The first stars were believed to be huge, hundreds of solar masses, because the chunking process of matter had just begun. The early universe was very homogeneous — there were only tiny deviations in the smooth distribution of matter. Slowly, these deviations built up, and condensed into local pockets of gas. This process took a huge amount of time because gravity is relatively weak when there isn't already a lot of matter piled into one place.
The first stars are called "Population III" stars, in contrast to the Population II stars which came after them, and Population I stars like our Sun. These later stars have much higher metal content, which influences their dynamics in important ways. Today, a star much more massive than 150 Suns could not exist. Due to the presence of oxygen, nitrogen, and carbon in the core, hydrogen fusion reactions are catalyzed, and the star would blow itself apart before it had a chance to form.

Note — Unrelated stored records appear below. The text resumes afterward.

(* (Generalized Goursat lemma.) Let $G$ be a pseudosimple group, $k\ge 1$, and let $H\subseteq G^{[k]}$ be a subgroup that surjects onto each of the $k$ coordinate factors $G$. Then: (1) $H$ is isomorphic over $G^{\mathrm{ab}}$ to $G^{[w]}$ for some $w\le k$; (2) there are a surjection $f:\{1,\dots,k\}\to\{1,\dots,w\}$ and automorphisms $\varphi_1,\dots,\varphi_k$ of $G$ over $G^{\mathrm{ab}}$ such that $H$ is the image of $G^{[w]}$ under $(g_1,\dots,g_w)\mapsto(\varphi_1(g_{f(1)}),\dots,\varphi_k(g_{f(k)}))$.
   Context: $G'$ is the derived subgroup, $G^{\mathrm{ab}}=G/G'$. $G$ is pseudosimple if it is a finite centerless group, $G'$ is isomorphic to a power of a nonabelian simple group, and $G/N$ is abelian for every nontrivial normal subgroup $N$. $G^{[m]}=G\times_{G^{\mathrm{ab}}}\cdots\times_{G^{\mathrm{ab}}}G$ ($m$ factors) is the fiber power, mapping to $G^{\mathrm{ab}}$ via any coordinate; subgroups of it map to $G^{\mathrm{ab}}$ by restriction. For groups $G_1,G_2$ with homomorphisms $\pi_1,\pi_2$ to $Q$, an isomorphism over $Q$ is an isomorphism $i:G_1\to G_2$ with $\pi_2\circ i=\pi_1$; an automorphism of $G$ over $G^{\mathrm{ab}}$ is one inducing the identity on $G^{\mathrm{ab}}$. *)

theory Defs
  imports "HOL-Algebra.Algebra"
begin

definition grp_center :: "('a, 'b) monoid_scheme \<Rightarrow> 'a set" where
  "grp_center G = {z \<in> carrier G. \<forall>x \<in> carrier G. z \<otimes>\<^bsub>G\<^esub> x = x \<otimes>\<^bsub>G\<^esub> z}"

text \<open>Derived subgroup G' and the abelianization map G -> G/G' (x maps to the coset G' x).\<close>
abbreviation commutator_sub :: "('a, 'b) monoid_scheme \<Rightarrow> 'a set" where
  "commutator_sub G \<equiv> derived G (carrier G)"

definition ab_map :: "('a, 'b) monoid_scheme \<Rightarrow> 'a \<Rightarrow> 'a set" where
  "ab_map G x = commutator_sub G #>\<^bsub>G\<^esub> x"

definition pseudosimple :: "('a, 'b) monoid_scheme \<Rightarrow> bool" where
  "pseudosimple G \<longleftrightarrow> group G \<and> finite (carrier G) \<and> grp_center G = {\<one>\<^bsub>G\<^esub>} \<and>
     (\<exists>(S :: 'a monoid) (n :: nat). n \<ge> 1 \<and> simple_group S \<and> \<not> comm_group S \<and>
        G\<lparr>carrier := commutator_sub G\<rparr> \<cong> product_group {..<n} (\<lambda>_. S)) \<and>
     (\<forall>N. N \<lhd> G \<and> N \<noteq> {\<one>\<^bsub>G\<^esub>} \<longrightarrow> comm_group (G Mod N))"

text \<open>Fiber power G^[m] = G x_{G^ab} ... x_{G^ab} G, with coordinates indexed by {0..<m}.\<close>
definition fiber_power :: "('a, 'b) monoid_scheme \<Rightarrow> nat \<Rightarrow> (nat \<Rightarrow> 'a) monoid" where
  "fiber_power G m = (product_group {..<m} (\<lambda>_. G))
     \<lparr>carrier := {g \<in> (\<Pi>\<^sub>E i\<in>{..<m}. carrier G). \<forall>i<m. \<forall>j<m. ab_map G (g i) = ab_map G (g j)}\<rparr>"

text \<open>Map of (a subset of) a fiber power to G^ab: via the first coordinate.\<close>
definition fp_ab :: "('a, 'b) monoid_scheme \<Rightarrow> (nat \<Rightarrow> 'a) \<Rightarrow> 'a set" where
  "fp_ab G g = ab_map G (g 0)"

definition aut_over_ab :: "('a, 'b) monoid_scheme \<Rightarrow> ('a \<Rightarrow> 'a) \<Rightarrow> bool" where
  "aut_over_ab G \<phi> \<longleftrightarrow> \<phi> \<in> iso G G \<and> (\<forall>x \<in> carrier G. ab_map G (\<phi> x) = ab_map G x)"

end

theory Submission
  imports Defs
begin

text \<open>The projection of \<open>H\<close> to the first \<open>k\<close> coordinates is, by induction, the
  image of some \<open>G\<^sup>[w]\<close> under a twisted diagonal map. Since \<open>H\<close> surjects onto the last factor, the
  slice \<open>N = {x. (1, \<dots>, 1, x) \<in> H}\<close> is normal in \<open>G\<close>. If \<open>N \<noteq> 1\<close>, then \<open>N \<supseteq> G'\<close>, so \<open>H\<close> is
  the full fiber product of its projection with \<open>G\<close> over \<open>G\<^sup>a\<^sup>b\<close>, and the last coordinate becomes a
  new free coordinate. If \<open>N = 1\<close>, then \<open>H\<close> is the graph of a surjective homomorphism
  \<open>\<psi> : G\<^sup>[w] \<rightarrow> G\<close> over \<open>G\<^sup>a\<^sup>b\<close>. The images under \<open>\<psi>\<close> of the coordinate copies of \<open>G'\<close> are normal
  in \<open>G\<close>, hence trivial or containing \<open>G'\<close>; no two of them contain \<open>G'\<close> (they commute, and \<open>G'\<close>
  is nonabelian) and not all are trivial (else \<open>G\<close> would be abelian). So \<open>\<psi>\<close> only depends on one
  coordinate \<open>j\<close>, and \<open>\<psi>\<close> restricted to the diagonal is a surjective, hence (by finiteness)
  bijective, endomorphism of \<open>G\<close> over \<open>G\<^sup>a\<^sup>b\<close>.\<close>

definition twisted_diagonal :: "nat \<Rightarrow> (nat \<Rightarrow> nat) \<Rightarrow> (nat \<Rightarrow> 'a \<Rightarrow> 'a) \<Rightarrow> (nat \<Rightarrow> 'a) \<Rightarrow> nat \<Rightarrow> 'a"
  where "twisted_diagonal k f \<phi> = (\<lambda>g. \<lambda>i\<in>{..<k}. \<phi> i (g (f i)))"

lemma image_fun_upd_lessThan_Suc: "f ` {..<k} = A \<Longrightarrow> (f(k := a)) ` {..<Suc k} = insert a A"
  by (auto simp: lessThan_Suc)

context group
begin

section \<open>Abelianization and fiber powers\<close>

lemma ab_map_mult:
  "x \<in> carrier G \<Longrightarrow> y \<in> carrier G \<Longrightarrow> ab_map G (x \<otimes> y) = ab_map G x <#> ab_map G y"
  unfolding ab_map_def using normal.rcos_sum[OF derived_self_is_normal] by simp

lemma ab_map_eq_iff:
  assumes "x \<in> carrier G" "y \<in> carrier G"
  shows "ab_map G x = ab_map G y \<longleftrightarrow> x \<otimes> inv y \<in> commutator_sub G"
proof -
  have D: "subgroup (commutator_sub G) G" by (rule derived_is_subgroup) simp
  show ?thesis
  proof
    assume "ab_map G x = ab_map G y"
    then have "x \<in> commutator_sub G #> y"
      unfolding ab_map_def using repr_independenceD[OF D assms(1)] by simp
    then show "x \<otimes> inv y \<in> commutator_sub G"
      using subgroup.rcos_module_imp[OF D is_group assms(2)] by blast
  next
    assume "x \<otimes> inv y \<in> commutator_sub G"
    then have "x \<in> commutator_sub G #> y"
      using subgroup.rcos_module_rev[OF D is_group assms(2,1)] by blast
    then show "ab_map G x = ab_map G y"
      unfolding ab_map_def using repr_independence[OF _ assms(2) D] by simp
  qed
qed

But not so with the first stars. These things were massive. Scientists believe they may have caught a small glimpse of the glow of these stars using the Spitzer Space Telescope. Without heavy elements in their cores, these stars fused hydrogen using the p-p proton process, which takes a very long time. Still, due to their extreme mass, these stars would have had very dense and hot centers, accelerating the reactions. The first stars probably existed for no more than a million years. Due to their extreme distance, we probably won't be able to observe them until telescope technology improves significantly.